Later on in its opinion the court quotes with approval the following language from State ex rel. Minneapolis etc. R. Co. v. Minneapolis, 32 Minn. 501, 21 N. W. 722:

*131“It hardly needs the citation of authorities to sustain the proposition that when a municipal corporation votes its bonds to aid the building of a railroad on certain terms and conditions, it is entitled to a strict and full compliance with all these terms and conditions on the part of the railroad company before the latter is entitled to the bonds.”

From this language it is apparent that a strict rule was invoked on behalf of a municipal corporation, which had endeavored to impose a burden of indebtedness upon all of its taxable property. No financial obligation of any municipal corporation is in question in this action. Although the contract here involved provides for a subsidy in aid of railroad construction, nevertheless it is between private individuals, and affects their rights only. It neither involves the power of taxation nor the right of a municipality to issue its bonds in aid of railway construction.

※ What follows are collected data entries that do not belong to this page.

lemma stationary_if_symmetric_block_row_sums:
  assumes R_SO3: "\<And>i. i \<in> {1..n} \<Longrightarrow> R i \<in> SO3"
    and Rblk_sym: "\<And>i j. i \<in> {1..n} \<Longrightarrow> j \<in> {1..n} \<Longrightarrow> Rblk n Rt j i = transpose (Rblk n Rt i j)"
    and row_sym: "\<And>i. i \<in> {1..n} \<Longrightarrow>
        transpose (\<Sum>j\<in>{1..n}. transpose (R i) ** Rblk n Rt i j ** R j)
         = (\<Sum>j\<in>{1..n}. transpose (R i) ** Rblk n Rt i j ** R j)"
  shows "stationary n Rt R"
  unfolding stationary_def
proof (intro conjI ballI allI impI)
  fix c :: "nat \<Rightarrow> real \<Rightarrow> mat3"
  assume c_SO3: "\<forall>i\<in>{1..n}. \<forall>t. c i t \<in> SO3" and c_0: "\<forall>i\<in>{1..n}. c i 0 = R i"
    and c_diff: "\<forall>i\<in>{1..n}. c i differentiable (at 0)"
  let ?I = "{1..n}"
  define D where "D i = vector_derivative (c i) (at 0)" for i
  define S where "S i = transpose (R i) ** D i" for i
  define M where "M i j = transpose (R i) ** Rblk n Rt i j ** R j" for i j
  define N where "N i = (\<Sum>j\<in>?I. M i j)" for i
  have c_deriv: "(c i has_vector_derivative D i) (at 0)" if "i \<in> ?I" for i
    using c_diff that by (simp add: D_def vector_derivative_works)
  have D_eq: "D i = R i ** S i" if "i \<in> ?I" for i
    using SO3_orthogonal[OF R_SO3[OF that]] by (simp add: S_def matrix_mul_assoc)
  have S_skew: "transpose (S i) = - S i" if "i \<in> ?I" for i
    using orthogonal_curve_derivative_skew[OF _ c_deriv[OF that]] c_SO3 c_0 that
    by (simp add: S_def SO3_def rotation_matrix_def)
  have N_sym: "transpose (N i) = N i" if "i \<in> ?I" for i
    using row_sym[OF that] by (simp add: N_def M_def)
  have M_sym: "M i j = transpose (M j i)" if "i \<in> ?I" "j \<in> ?I" for i j
    using Rblk_sym[OF that] by (simp add: M_def matrix_transpose_mul matrix_mul_assoc)
  have column_sum: "(\<Sum>i\<in>?I. M i j) = transpose (N j)" if "j \<in> ?I" for j
  proof -
    have "(\<Sum>i\<in>?I. M i j) = (\<Sum>i\<in>?I. transpose (M j i))"
      using M_sym[OF _ that] by (rule sum.cong[OF refl])
    then show ?thesis
      by (simp add: N_def transpose_sum)
  qed
  have term_deriv: "((\<lambda>t. trace (transpose (c i t) ** Rblk n Rt i j ** c j t)) has_vector_derivative
       trace (M i j ** S j) + trace (transpose (S i) ** M i j)) (at 0)" if "i \<in> ?I" "j \<in> ?I" for i j
    using has_vector_derivative_trace_sandwich[OF c_deriv[OF that(1)] c_deriv[OF that(2)]] c_0 that
    by (simp add: D_eq M_def trace_add matrix_transpose_mul matrix_mul_assoc)
  have "(\<Sum>i\<in>?I. \<Sum>j\<in>?I. trace (M i j ** S j)) = (\<Sum>j\<in>?I. \<Sum>i\<in>?I. trace (M i j ** S j))"
    by (rule sum.swap)
  also have "\<dots> = (\<Sum>j\<in>?I. trace (transpose (N j) ** S j))"
    using column_sum
    by (intro sum.cong refl) (simp add: trace_sum[symmetric] matrix_mult_sum_left[symmetric] del: atLeastAtMost_iff)
  also have "\<dots> = 0"
    by (intro sum.neutral ballI trace_symmetric_mult_skew) (simp_all add: N_sym S_skew)
  finally have first_half: "(\<Sum>i\<in>?I. \<Sum>j\<in>?I. trace (M i j ** S j)) = 0" .
  have "(\<Sum>i\<in>?I. \<Sum>j\<in>?I. trace (transpose (S i) ** M i j)) = (\<Sum>i\<in>?I. trace (transpose (S i) ** N i))"
    by (simp add: N_def trace_sum matrix_mult_sum_right)
  also have "\<dots> = (\<Sum>i\<in>?I. trace (N i ** transpose (S i)))"
    by (intro sum.cong refl trace_mul_sym)
  also have "\<dots> = 0"
    by (intro sum.neutral ballI trace_symmetric_mult_skew) (simp_all add: N_sym S_skew transpose_uminus)
  finally have second_half: "(\<Sum>i\<in>?I. \<Sum>j\<in>?I. trace (transpose (S i) ** M i j)) = 0" .
  have "((\<lambda>t. fobj n Rt (\<lambda>i. c i t)) has_vector_derivative
      - (\<Sum>i\<in>?I. \<Sum>j\<in>?I. trace (M i j ** S j) + trace (transpose (S i) ** M i j))) (at 0)"
    unfolding fobj_def
    by (intro has_vector_derivative_minus has_vector_derivative_sum term_deriv)
  then show "((\<lambda>t. fobj n Rt (\<lambda>i. c i t)) has_real_derivative 0) (at 0)"
    using first_half second_half by (simp add: sum.distrib has_real_derivative_iff_has_vector_derivative)
qed (fact R_SO3)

In Virginia etc. R. Co. v. Lyon County, supra, cited by appellants, the court recognized the rule that a substantial compliance with the terms of a subsidy contract was sufficient. But as there was an absolute failure on the part of the railroad company to carry out the provisions of its contract in a material respect, it was held not entitled to recover.

We have carefully examined the entire record, including the instructions given, and those refused, and from such examination are unable to conclude that any prejudicial error has been committed. The appellants have had a fair trial. The verdict is sustained by the evidence. No prejudicial error was committed in admitting or rejecting evidence, nor in denying appellants5 motion for a nonsuit, nor in overruling their motion for a new trial.

The judgment is affirmed.

Mount, C. J., Hadley, and Root, JJ., concur.